Fast-forward 76 years to my performance at the Paragliding World Cup Super Final, and I was feeling a bond with those pioneers.  For I was deep in the lower half of the ranking too, my heart searching for redemption.  So to Cristo I flew, and, suddenly, heavenly, all was well again!  The bastard was perched up there so God-damn beautifully, I had to believe again!  Circling around him like a happy little fly around a lamp of faith, he whispered in my ear so I understood what I already knew but in those moments of angst had started to forget.  That all is good in the garden.  One rotation (around him).  That we are the lucky ones, living the dream.  Another rotation.  And that I should respect group flying a bit more and not improvise my own lines all the time (especially at a place as tricky and unpredictable as Valadares).  Simple things, really.

Thank you, Jesus, for being there for me and my friends on that day, your figure striking us in a way not less valid than religion, with the pure awe of your majesty in that surreal garden of yours, that psychedelic garden of sea, rock, jungle and city so beautiful, you must be feeling quite the groove up there.  So we joined you in it.

I’ve been asked many times by people who don’t fly: “What’s the best place you’ve flown at?”  My standard answer is that there is no such “best” place – that asking me this question is like asking me who the most beautiful woman in the world is – there is no such woman.  But if I have to choose, I choose Saint André for pure racing and Rio de Janeiro for pure beauty.  This season I was lucky to fly both places for the second time in my life, and they both delivered marvelously.  Except that this time I managed to get the Super Jesus Bonus of getting to the Cristo, too.  It hadn’t been a big goal of mine or anything, I had just thought it would be cool to do it.  But when I glided high between the puffy clouds, his statue looming larger and larger to the backdrop of the urban jungle, granite monoliths, bays and islands and beaches beyond, when I could see him in front of me as the glorious piece of godly sculpture watching over this great city, arms open, serene – that’s when I understood.

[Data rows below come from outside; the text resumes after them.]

text \<open>Length of a curve g : [0,1] -> H for the metric ds^2 = v^{-1}(dx^2+dv^2),
  extended to the boundary v = 0 (moving along the boundary costs infinity,
  resting there costs nothing).\<close>
definition hlen :: "(real \<Rightarrow> real \<times> real) \<Rightarrow> ennreal" where
  "hlen g = (\<integral>\<^sup>+ t \<in> {0..1}.
      (let d = vector_derivative g (at t); v = snd (g t) in
        if v > 0 then ennreal (norm d / sqrt v)
        else if d = 0 then 0 else \<infinity>) \<partial>lborel)"

definition dH :: "real \<times> real \<Rightarrow> real \<times> real \<Rightarrow> ennreal" where
  "dH p q = (INF g \<in> {g. g piecewise_C1_differentiable_on {0..1} \<and> g 0 = p \<and> g 1 = q
                          \<and> (\<forall>t\<in>{0..1}. g t \<in> Hplane)}. hlen g)"

definition fH :: "real \<Rightarrow> real \<Rightarrow> real" where
  "fH v d = (if d = 0 then 0 else
     ((v + 1) * (d - sin d) + 2 * sqrt v * (2 * sin (d/2) - d * cos (d/2)))
       / (2 * (sin (d/2))^2))"

definition deltaH :: "real \<times> real \<Rightarrow> real" where
  "deltaH p = (THE d. -2*pi < d \<and> d < 2*pi \<and> fH (snd p) d = fst p)"

definition Gamma :: "real \<Rightarrow> (real \<times> real) set" where
  "Gamma \<theta> = {p \<in> Hplane. deltaH p = \<theta>}"

text \<open>For 0 < theta < 2 pi, Gamma theta is the graph of a function of x; this is that function.\<close>
definition Gamma_fun :: "real \<Rightarrow> real \<Rightarrow> real" where
  "Gamma_fun \<theta> x = (THE v. (x, v) \<in> Gamma \<theta>)"

definition Lline :: "real \<Rightarrow> real \<Rightarrow> (real \<times> real) set" where
  "Lline \<beta> \<gamma> = {(x, v). v \<ge> 0 \<and> x = \<beta> + \<gamma> * v}"

definition Ptheta :: "real \<Rightarrow> real \<times> real" where
  "Ptheta \<theta> = ((\<theta> + sin \<theta>) / 2, (cos (\<theta>/2))^2)"

definition tangent_line :: "real \<Rightarrow> (real \<times> real) set" where
  "tangent_line \<theta> = {(x, v). v = snd (Ptheta \<theta>)
      + deriv (Gamma_fun \<theta>) (fst (Ptheta \<theta>)) * (x - fst (Ptheta \<theta>))}"

end

theory Submission
  imports Defs "HOL-Real_Asymp.Real_Asymp"
begin

text \<open>Upper bound: the cycloid \<open>t \<mapsto> ((\<theta>t + sin \<theta>t)/2, (1 + cos \<theta>t)/2)\<close> runs from \<open>(0, 1)\<close> to
  \<open>P\<^sub>\<theta>\<close>, which lies on \<open>L = L\<^bsub>\<theta>/2, tan(\<theta>/2)\<^esub>\<close>, with constant metric speed \<open>\<theta>\<close>.
  Lower bound: a calibration for \<open>L\<close>, i.e. a function \<open>D\<close> on the open half-plane with
  \<open>D(0, 1) = \<theta>\<close>, \<open>D = 0\<close> on \<open>L\<close> and gradient of metric length 1.  Along any curve \<open>D\<close> changes
  at most at the metric speed, so every curve from \<open>(0, 1)\<close> to \<open>L\<close> has length at least \<open>\<theta>\<close>;
  curves are lifted by \<open>\<epsilon>\<close> to stay away from \<open>v = 0\<close>, where \<open>D\<close> is not differentiable.
  The tangent line is a computation: \<open>f(v, \<cdot>)\<close> is strictly increasing on \<open>(-2\<pi>, 2\<pi>)\<close>, hence
  \<open>\<Gamma>\<^sub>\<theta> = {(a (r\<^sup>2 + 1) + b r, r\<^sup>2) | r \<ge> 0}\<close> with explicit \<open>a, b > 0\<close>, whose slope at
  \<open>r = cos(\<theta>/2)\<close> is \<open>cot(\<theta>/2)\<close>.\<close>

lemma strict_mono_on_if_deriv_pos:
  fixes f :: "real \<Rightarrow> real"
  assumes "\<And>x. a < x \<Longrightarrow> x < b \<Longrightarrow> \<exists>y. (f has_real_derivative y) (at x) \<and> 0 < y"
  shows "strict_mono_on {a<..<b} f"
proof (rule strict_mono_onI)
  fix r s assume "r \<in> {a<..<b}" "s \<in> {a<..<b}" "r < s"
  then show "f r < f s"
    by (intro DERIV_pos_imp_increasing[OF \<open>r < s\<close>] assms) auto
qed

lemma sin_less_self:
  fixes u :: real
  assumes "0 < u"
  shows "sin u < u"
proof (cases "u < pi")
  case True
  have "(\<lambda>t. t - sin t) 0 < (\<lambda>t. t - sin t) u"
  proof (rule DERIV_pos_imp_increasing_open[OF assms])
    fix t :: real assume "0 < t" "t < u"
    then have "cos t < 1" using True cos_monotone_0_pi[of 0 t] by simp
    then show "\<exists>y. ((\<lambda>t. t - sin t) has_real_derivative y) (at t) \<and> 0 < y"
      by (intro exI[of _ "1 - cos t"]) (auto intro!: derivative_eq_intros)
  qed (intro continuous_intros)
  then show ?thesis by simp
next
  case False
  then show ?thesis using sin_le_one[of u] pi_gt3 by linarith
qed

lemma mult_cos_less_sin:
  fixes u :: real
  assumes "0 < u" "u < pi"
  shows "u * cos u < sin u"
proof -
  have "(\<lambda>t. sin t - t * cos t) 0 < (\<lambda>t. sin t - t * cos t) u"
  proof (rule DERIV_pos_imp_increasing_open[OF assms(1)])
    fix t assume "0 < t" "t < u"
    then show "\<exists>y. ((\<lambda>t. sin t - t * cos t) has_real_derivative y) (at t) \<and> 0 < y"
      using assms by (intro exI[of _ "t * sin t"]) (auto intro!: derivative_eq_intros mult_pos_pos sin_gt_zero)
  qed (intro continuous_intros)
  then show ?thesis by simp
qed

lemma IVT_open_interval:
  fixes f :: "real \<Rightarrow> real"
  assumes "a < b" and cont: "continuous_on {a<..<b} f"
    and below: "eventually (\<lambda>x. f x < y) (at_right a)"
    and above: "eventually (\<lambda>x. y < f x) (at_left b)"
  shows "\<exists>x\<in>{a<..<b}. f x = y"
proof -
  obtain c where c: "a < c" "\<And>z. a < z \<Longrightarrow> z < c \<Longrightarrow> f z < y"
    using below unfolding eventually_at_right_field by blast
  obtain d where d: "d < b" "\<And>z. d < z \<Longrightarrow> z < b \<Longrightarrow> y < f z"
    using above unfolding eventually_at_left_field by blast
  define m where "m = (a + b) / 2"
  define r where "r = (a + min c m) / 2"
  define s where "s = (b + max d m) / 2"
  have "a < m" "m < b" using \<open>a < b\<close> unfolding m_def by auto
  then have "a < min c m" "min c m \<le> c" "min c m \<le> m" "m \<le> max d m" "d \<le> max d m" "max d m < b"
    using c(1) d(1) by auto
  then have rs: "a < r" "r < c" "r < s" "d < s" "s < b"
    unfolding r_def s_def by auto
  have "continuous_on {r..s} f"
    using rs by (intro continuous_on_subset[OF cont]) auto
  then obtain x where "r \<le> x" "x \<le> s" "f x = y"
    using IVT'[of f r y s] c(2)[of r] d(2)[of s] rs by force
  then show ?thesis using rs by auto
qed

definition hspeed :: "(real \<Rightarrow> real \<times> real) \<Rightarrow> real \<Rightarrow> ennreal" where
  "hspeed g t = (let d = vector_derivative g (at t); v = snd (g t) in
      if v > 0 then ennreal (norm d / sqrt v) else if d = 0 then 0 else \<infinity>)"

lemma hlen_eq_nn_integral_hspeed: "hlen g = (\<integral>\<^sup>+ t \<in> {0..1}. hspeed g t \<partial>lborel)"
  unfolding hlen_def hspeed_def ..

lemma hspeed_ge_unit_rate:
  assumes "0 \<le> snd (g t)" "0 < \<epsilon>" "a\<^sup>2 + b\<^sup>2 = 1"
  shows "ennreal ((a * fst (vector_derivative g (at t)) + b * snd (vector_derivative g (at t)))
           / sqrt (snd (g t) + \<epsilon>)) \<le> hspeed g t"
proof -
  define d where "d = vector_derivative g (at t)"
  define v where "v = snd (g t)"
  consider "0 < v" | "v = 0" "d = 0" | "v = 0" "d \<noteq> 0" using assms(1) unfolding v_def by force
  then show ?thesis
  proof cases
    case 1
    have "a * fst d + b * snd d \<le> norm (a, b) * norm d"
      using Cauchy_Schwarz_ineq2[of "(a, b)" d] by (cases d) (simp add: inner_Pair)
    also have "\<dots> = norm d" using assms(3) by (simp add: norm_Pair)
    finally have "(a * fst d + b * snd d) / sqrt (v + \<epsilon>) \<le> norm d / sqrt (v + \<epsilon>)"
      using 1 assms(2) by (simp add: divide_right_mono)
    also have "\<dots> \<le> norm d / sqrt v"
      using 1 assms(2) by (intro divide_left_mono) (auto intro: mult_pos_pos)
    finally show ?thesis
      using 1 unfolding hspeed_def Let_def d_def[symmetric] v_def[symmetric] by (simp add: ennreal_leI)
  next
    case 2
    then show ?thesis unfolding d_def v_def by simp
  next
    case 3
    then show ?thesis unfolding hspeed_def Let_def d_def[symmetric] v_def[symmetric] by simp
  qed
qed

lemma has_integral_le_nn_integral:
  fixes f :: "real \<Rightarrow> real" and w :: "real \<Rightarrow> ennreal"
  assumes f: "(f has_integral I) {a..b}" and N: "finite N"
    and le: "\<And>x. x \<in> {a..b} - N \<Longrightarrow> ennreal (f x) \<le> w x"
  shows "ennreal I \<le> (\<integral>\<^sup>+ x \<in> {a..b}. w x \<partial>lborel)"
proof -
  define fi where "fi x = indicator {a..b} x * f x" for x
  define p where "p x = max (fi x) 0" for x
  have "fi = (\<lambda>x. if x \<in> {a..b} then f x else 0)" by (auto simp: fi_def indicator_def)
  then have fi_int: "(fi has_integral I) UNIV" using has_integral_restrict_UNIV[of "{a..b}" f I] f by simp
  have "(\<lambda>x. indicator {a..b} x *\<^sub>R f x) \<in> borel_measurable lebesgue"
    by (rule has_integral_implies_lebesgue_measurable[OF f])
  then have "fi \<in> borel_measurable lebesgue" unfolding fi_def by simp
  then have p_meas: "p \<in> borel_measurable lebesgue" unfolding p_def by measurable
  have "AE x in lborel. x \<notin> N" using finite_imp_null_set_lborel[OF N] AE_not_in by blast
  then have p_le: "AE x in lborel. ennreal (p x) \<le> w x * indicator {a..b} x"
  proof (rule eventually_mono)
    fix x assume "x \<notin> N"
    then show "ennreal (p x) \<le> w x * indicator {a..b} x"
      using le[of x] by (cases "x \<in> {a..b}") (auto simp: p_def fi_def ennreal_neg max_def)
  qed
  show ?thesis
  proof (cases "(\<integral>\<^sup>+ x. ennreal (p x) \<partial>lborel) = \<infinity>")
    case True
    then show ?thesis using nn_integral_mono_AE[OF p_le] by (simp add: top_unique)
  next
    case False
    then obtain r where r: "(\<integral>\<^sup>+ x. ennreal (p x) \<partial>lborel) = ennreal r" "0 \<le> r"
      by (cases "(\<integral>\<^sup>+ x. ennreal (p x) \<partial>lborel)" rule: ennreal_cases) auto
    then have "(p has_integral r) UNIV"
      using has_integral_iff_nn_integral_lebesgue[of p r] p_meas
      by (simp add: nn_integral_completion p_def)
    with fi_int have "I \<le> r" by (rule has_integral_le) (simp add: p_def)
    then show ?thesis using r nn_integral_mono_AE[OF p_le] by (metis ennreal_leI order_trans)
  qed
qed

lemma has_vector_derivative_fst:
  "(g has_vector_derivative d) F \<Longrightarrow> ((\<lambda>t. fst (g t)) has_real_derivative fst d) F"
  using has_derivative_fst[of g "\<lambda>h. h *\<^sub>R d" F]
  by (simp add: has_vector_derivative_def has_field_derivative_def mult_commute_abs)

lemma has_vector_derivative_snd:
  "(g has_vector_derivative d) F \<Longrightarrow> ((\<lambda>t. snd (g t)) has_real_derivative snd d) F"
  using has_derivative_snd[of g "\<lambda>h. h *\<^sub>R d" F]
  by (simp add: has_vector_derivative_def has_field_derivative_def mult_commute_abs)

section \<open>Monotonicity of \<open>f\<close> in \<open>\<delta>\<close>\<close>

definition Pcoef :: "real \<Rightarrow> real" where
  "Pcoef u = (u - sin u * cos u) / (sin u)\<^sup>2"

definition Qcoef :: "real \<Rightarrow> real" where
  "Qcoef u = (sin u - u * cos u) / (sin u)\<^sup>2"

lemma fH_eq_coef:
  assumes "d \<noteq> 0"
  shows "fH v d = (v + 1) * Pcoef (d/2) + 2 * sqrt v * Qcoef (d/2)"
proof -
  have cancel2: "(a * (2 * p) + b * (2 * q)) / (2 * w) = a * (p / w) + b * (q / w)" for a b p q w :: real
    by (simp add: add_divide_distrib)
  have "d - sin d = 2 * (d/2 - sin (d/2) * cos (d/2))" using sin_double[of "d/2"] by simp
  moreover have "2 * sin (d/2) - d * cos (d/2) = 2 * (sin (d/2) - d/2 * cos (d/2))" by simp
  ultimately show ?thesis
    unfolding fH_def Pcoef_def Qcoef_def using assms by (simp only: if_False cancel2)
qed

lemma Pcoef_pos:
  assumes "0 < u" "u < pi"
  shows "0 < Pcoef u"
proof -
  have "0 < sin u" using assms sin_gt_zero by blast
  moreover have "sin u * cos u < u"
  proof (cases "cos u \<le> 0")
    case True
    then show ?thesis using \<open>0 < sin u\<close> assms(1) mult_nonneg_nonpos[of "sin u" "cos u"] by linarith
  next
    case False
    then show ?thesis using \<open>0 < sin u\<close> sin_less_self[OF assms(1)] cos_le_one[of u]
      by (smt (verit) mult_left_le)
  qed
  ultimately show ?thesis unfolding Pcoef_def by simp
qed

The rapture.  I didn’t need to be Christian, but I could have converted right that instant.

Convert I didn’t.  I was still Yassen the failed super-finalist atheist, in need of redemption, and now I was getting redemption full on!  YES, Cristo!  Yes!!

So I was circling around him, at all heights, from his feet to his waist to his arms and around the head and above and back down again, clockwise and counterclockwise – I was enveloping him like a tireless hug that wants nothing else but what hugs always want – to keep hugging.  I was hugging him with the arms of the atheist not believing in god but seeing god, and feeling at that moment not what the New Testament says about some mostly fictional son of god, but what any sensual person is bound to experience in his life in those few but magic moments of truth.  That all the beauty in this world is One and all is divine.  And he who sees this, who feels this, who knows this – he is blessed to be.  As we all were, flying with the Cristo on that day.

p.s. If you ever have a problem, such as ridiculously fucking up a Paragliding World Cup Superfinal in Brazil, I suggest turning up to his statue for help.  Remember, that’s what he’s perched on that cliff for – helping a brother pilot out, making us feel great again.